The average of all the valuation models gives a fair value $40.01 which means that Medtronic is currently trading at a 6.5% premium to the average fair value. I've also calculated the fair value with the highest and lowest valuation methods thrown out. In this case, the DCF and DDM valuations are thrown out and the new average is $39.98. Medtronic is trading at a 6.6% premium to this price as well.
Overall I would say that Medtronic is in the fair value range but a further pullback would be welcomed. My average fair value calculation is more of a low value price target since I'm taking the low PE, dividend and PS ratios to calculate the value. Picking up shares for less than my "average fair value" calculation price targets is usually a sign that you're getting a really good value on the shares as long as nothing has fundamentally changed with the company to give prices that low. As as DG investor the starting yield is lacking on Medtronic but could be made up very quickly if their DG can remain at the elevated rate for several more years.
I thought we should also take a look at the potential returns that you could be looking at if you buy in at the $42.60 level. If Medtronic can grow their EPS at the rates that I used in my DCF analysis then after 10 years their EPS will be $5.43. Applying the 5 year average low PE ratio of 13.80 to the EPS would mean that shares would be trading for $74.89. This would be a 75.79% return over 10 years. However we also have to account for the dividends. In that same time you would have received $14.57 in dividends if they can grow dividends at the rates I used in my DDM analysis. This would represent a further return of 34.21% if dividends are not reinvested. The 10 year total return would be 110%, for average annual return of 7.70%. I can live with a 10 year return over 7% before inflation and approximately 4% after inflation. I borrowed this idea from Dividend Growth Stock Investing.
Yesterday I went ahead and started a position with Medtronic. I now have more of a pure play on the healthcare industry which was lacking in my portfolio. I didn't get the best possible value but I will be looking to average down my position if a pullback in MDT shares occurs. If the current yield rises to a 3.00% level I'll be picking up at least one more lot of shares.
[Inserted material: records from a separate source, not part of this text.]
(* Let $\Omega,\Omega'$ be finite words in the letters $\{R_j,T_j:j\ge1\}$. Then $\Phi_\Omega=\Phi_{\Omega'}$ as endomorphisms of $\mathbb Z[x_1,x_2,\dots]$ if and only if $\Omega$ and $\Omega'$ have the same image in the augmented Thompson monoid $\widetilde{\mathrm{Th}}$.
   Context: Operators on $\mathbb Z[x_1,x_2,\dots]$: $R_if=f(x_1,\dots,x_{i-1},0,x_i,x_{i+1},\dots)$ and $T_if=\frac1{x_i}(R_{i+1}f-R_if)$. For a word $\Omega=X_1\cdots X_k$, $\Phi_\Omega=\mathrm{op}(X_1)\circ\cdots\circ\mathrm{op}(X_k)$ where letter $R_j$ maps to the operator $R_j$ and $T_j$ to $T_j$ (empty word gives the identity). The augmented Thompson monoid $\widetilde{\mathrm{Th}}$ is the quotient of the free monoid on letters $\{T_j,R_j:j\ge1\}$ by the relations $T_iT_j=T_jT_{i+1}$ for $i>j$; $T_iR_j=R_jT_{i+1}$ for $i\ge j$; $R_iT_j=T_jR_{i+1}$ for $i>j$; $R_iR_j=R_jR_{i+1}$ for $i\ge j$. *)

theory Defs
  imports Main "HOL-Library.Poly_Mapping"
begin

text \<open>Z[x_1,x_2,...]: finitely supported maps from monomials (finitely supported
  exponent vectors) to integer coefficients. The internal variable index k
  represents the paper's variable x_(k+1).\<close>
type_synonym mpoly = "(nat \<Rightarrow>\<^sub>0 nat) \<Rightarrow>\<^sub>0 int"

definition xvar :: "nat \<Rightarrow> mpoly" where
  "xvar i = Poly_Mapping.single (Poly_Mapping.single (i - 1) 1) 1"

definition subst :: "(nat \<Rightarrow> mpoly) \<Rightarrow> mpoly \<Rightarrow> mpoly" where
  "subst s f = (\<Sum>mo\<in>Poly_Mapping.keys f. of_int (Poly_Mapping.lookup f mo) *
                  (\<Prod>k\<in>Poly_Mapping.keys mo. s k ^ Poly_Mapping.lookup mo k))"

text \<open>R_i f = f(x_1,...,x_(i-1),0,x_i,x_(i+1),...): the paper's x_j is replaced by
  x_j for j < i, by 0 for j = i, and by x_(j-1) for j > i.\<close>
definition Rop :: "nat \<Rightarrow> mpoly \<Rightarrow> mpoly" where
  "Rop i f = subst (\<lambda>k. if k + 1 < i then xvar (k + 1)
                        else if k + 1 = i then 0
                        else xvar k) f"

text \<open>T_i f = (R_(i+1) f - R_i f) / x_i (exact division in the domain Z[x]).\<close>
definition Top :: "nat \<Rightarrow> mpoly \<Rightarrow> mpoly" where
  "Top i f = (THE g. xvar i * g = Rop (i + 1) f - Rop i f)"

datatype letter = LR nat | LT nat

fun idx :: "letter \<Rightarrow> nat" where
  "idx (LR j) = j" | "idx (LT j) = j"

fun opl :: "letter \<Rightarrow> mpoly \<Rightarrow> mpoly" where
  "opl (LR j) = Rop j" | "opl (LT j) = Top j"

definition Phi :: "letter list \<Rightarrow> mpoly \<Rightarrow> mpoly" where
  "Phi w = foldr (\<lambda>X F. opl X \<circ> F) w id"

definition valid_word :: "letter list \<Rightarrow> bool" where
  "valid_word w \<longleftrightarrow> (\<forall>X\<in>set w. 1 \<le> idx X)"

inductive th_step :: "letter list \<Rightarrow> letter list \<Rightarrow> bool" where
  TT: "\<lbrakk>1 \<le> j; j < i\<rbrakk> \<Longrightarrow> th_step (u @ [LT i, LT j] @ v) (u @ [LT j, LT (i + 1)] @ v)"
| TR: "\<lbrakk>1 \<le> j; j \<le> i\<rbrakk> \<Longrightarrow> th_step (u @ [LT i, LR j] @ v) (u @ [LR j, LT (i + 1)] @ v)"
| RT: "\<lbrakk>1 \<le> j; j < i\<rbrakk> \<Longrightarrow> th_step (u @ [LR i, LT j] @ v) (u @ [LT j, LR (i + 1)] @ v)"
| RR: "\<lbrakk>1 \<le> j; j \<le> i\<rbrakk> \<Longrightarrow> th_step (u @ [LR i, LR j] @ v) (u @ [LR j, LR (i + 1)] @ v)"

definition th_equiv :: "letter list \<Rightarrow> letter list \<Rightarrow> bool" where
  "th_equiv = (symclp th_step)\<^sup>*\<^sup>*"

end

theory Submission
  imports Defs
begin

text \<open>Every operator R_i, T_i sends a monomial to 0 or to plus or minus a monomial, so a word
  acts through an explicit action on exponent vectors, and the defining relations of the
  monoid become identities between such exponent operations. Conversely, the relations
  rewrite every word into a normal form whose letters have weakly increasing indices. A
  normal word is recovered from its operator: the last letter X_m is the only letter
  whose kernel condition (killing all monomials containing x_m for R_m, all monomials
  free of x_m and x_(m+1) for T_m) the operator satisfies at the largest possible index;
  witnesses for the other conditions are monomials pulled back through the word. Since
  every letter acts surjectively it can then be cancelled on the right.\<close>

type_synonym monomial = "nat \<Rightarrow>\<^sub>0 nat"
The 2.75% yield level corresponds to a $37.82 price target and the 3.00% yield level is at $34.67. Since the ex-div date is on 12/13 I'll be receiving their next dividend payment later this month. Medtronic has moved their first quarter dividend up by a month to get the payout in before the potential tax increases. I'm not too worried about the dividend tax increases, but I'll take the payment earlier to start the compounding process.
What do you think about Medtronic as a DG investment at today's prices?